- _Problem statement_
Could you give the records below again exactly as they stand?

- _Data in this exercise_
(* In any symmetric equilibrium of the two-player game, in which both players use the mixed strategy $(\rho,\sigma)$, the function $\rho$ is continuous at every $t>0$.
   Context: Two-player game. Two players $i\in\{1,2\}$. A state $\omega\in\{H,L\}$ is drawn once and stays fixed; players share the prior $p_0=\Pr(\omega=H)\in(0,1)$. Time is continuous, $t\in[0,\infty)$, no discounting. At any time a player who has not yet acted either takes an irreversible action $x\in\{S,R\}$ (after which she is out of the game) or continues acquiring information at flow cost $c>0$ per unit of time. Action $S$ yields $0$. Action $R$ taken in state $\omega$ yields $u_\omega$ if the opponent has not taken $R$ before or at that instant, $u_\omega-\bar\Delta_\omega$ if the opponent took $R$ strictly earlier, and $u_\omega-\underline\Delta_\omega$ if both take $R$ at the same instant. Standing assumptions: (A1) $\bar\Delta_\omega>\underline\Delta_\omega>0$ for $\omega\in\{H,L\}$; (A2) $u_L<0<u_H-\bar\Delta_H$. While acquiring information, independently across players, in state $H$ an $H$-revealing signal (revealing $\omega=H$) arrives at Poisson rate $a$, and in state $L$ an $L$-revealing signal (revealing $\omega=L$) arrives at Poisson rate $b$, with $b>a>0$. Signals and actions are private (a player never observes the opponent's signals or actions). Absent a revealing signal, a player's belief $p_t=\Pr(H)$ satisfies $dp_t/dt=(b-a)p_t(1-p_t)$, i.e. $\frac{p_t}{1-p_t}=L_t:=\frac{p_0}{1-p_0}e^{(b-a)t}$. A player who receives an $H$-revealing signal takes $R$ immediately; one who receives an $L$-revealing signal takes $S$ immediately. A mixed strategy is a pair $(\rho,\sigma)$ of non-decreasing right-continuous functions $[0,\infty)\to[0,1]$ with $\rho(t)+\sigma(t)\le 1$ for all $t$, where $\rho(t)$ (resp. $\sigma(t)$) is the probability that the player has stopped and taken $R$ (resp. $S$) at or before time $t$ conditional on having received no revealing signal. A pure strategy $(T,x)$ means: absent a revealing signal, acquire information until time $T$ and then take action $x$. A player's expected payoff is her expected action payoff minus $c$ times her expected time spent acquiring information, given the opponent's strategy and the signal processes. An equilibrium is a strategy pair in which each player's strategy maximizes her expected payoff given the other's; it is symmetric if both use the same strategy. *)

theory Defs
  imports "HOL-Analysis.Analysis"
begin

- _Written solution_
(* In any symmetric equilibrium of the two-player game, in which both players use the mixed strategy $(\rho,\sigma)$, the function $\rho$ is continuous at every $t>0$.
   Context: Two-player game. Two players $i\in\{1,2\}$. A state $\omega\in\{H,L\}$ is drawn once and stays fixed; players share the prior $p_0=\Pr(\omega=H)\in(0,1)$. Time is continuous, $t\in[0,\infty)$, no discounting. At any time a player who has not yet acted either takes an irreversible action $x\in\{S,R\}$ (after which she is out of the game) or continues acquiring information at flow cost $c>0$ per unit of time. Action $S$ yields $0$. Action $R$ taken in state $\omega$ yields $u_\omega$ if the opponent has not taken $R$ before or at that instant, $u_\omega-\bar\Delta_\omega$ if the opponent took $R$ strictly earlier, and $u_\omega-\underline\Delta_\omega$ if both take $R$ at the same instant. Standing assumptions: (A1) $\bar\Delta_\omega>\underline\Delta_\omega>0$ for $\omega\in\{H,L\}$; (A2) $u_L<0<u_H-\bar\Delta_H$. While acquiring information, independently across players, in state $H$ an $H$-revealing signal (revealing $\omega=H$) arrives at Poisson rate $a$, and in state $L$ an $L$-revealing signal (revealing $\omega=L$) arrives at Poisson rate $b$, with $b>a>0$. Signals and actions are private (a player never observes the opponent's signals or actions). Absent a revealing signal, a player's belief $p_t=\Pr(H)$ satisfies $dp_t/dt=(b-a)p_t(1-p_t)$, i.e. $\frac{p_t}{1-p_t}=L_t:=\frac{p_0}{1-p_0}e^{(b-a)t}$. A player who receives an $H$-revealing signal takes $R$ immediately; one who receives an $L$-revealing signal takes $S$ immediately. A mixed strategy is a pair $(\rho,\sigma)$ of non-decreasing right-continuous functions $[0,\infty)\to[0,1]$ with $\rho(t)+\sigma(t)\le 1$ for all $t$, where $\rho(t)$ (resp. $\sigma(t)$) is the probability that the player has stopped and taken $R$ (resp. $S$) at or before time $t$ conditional on having received no revealing signal. A pure strategy $(T,x)$ means: absent a revealing signal, acquire information until time $T$ and then take action $x$. A player's expected payoff is her expected action payoff minus $c$ times her expected time spent acquiring information, given the opponent's strategy and the signal processes. An equilibrium is a strategy pair in which each player's strategy maximizes her expected payoff given the other's; it is symmetric if both use the same strategy. *)

theory Defs
  imports "HOL-Analysis.Analysis"
begin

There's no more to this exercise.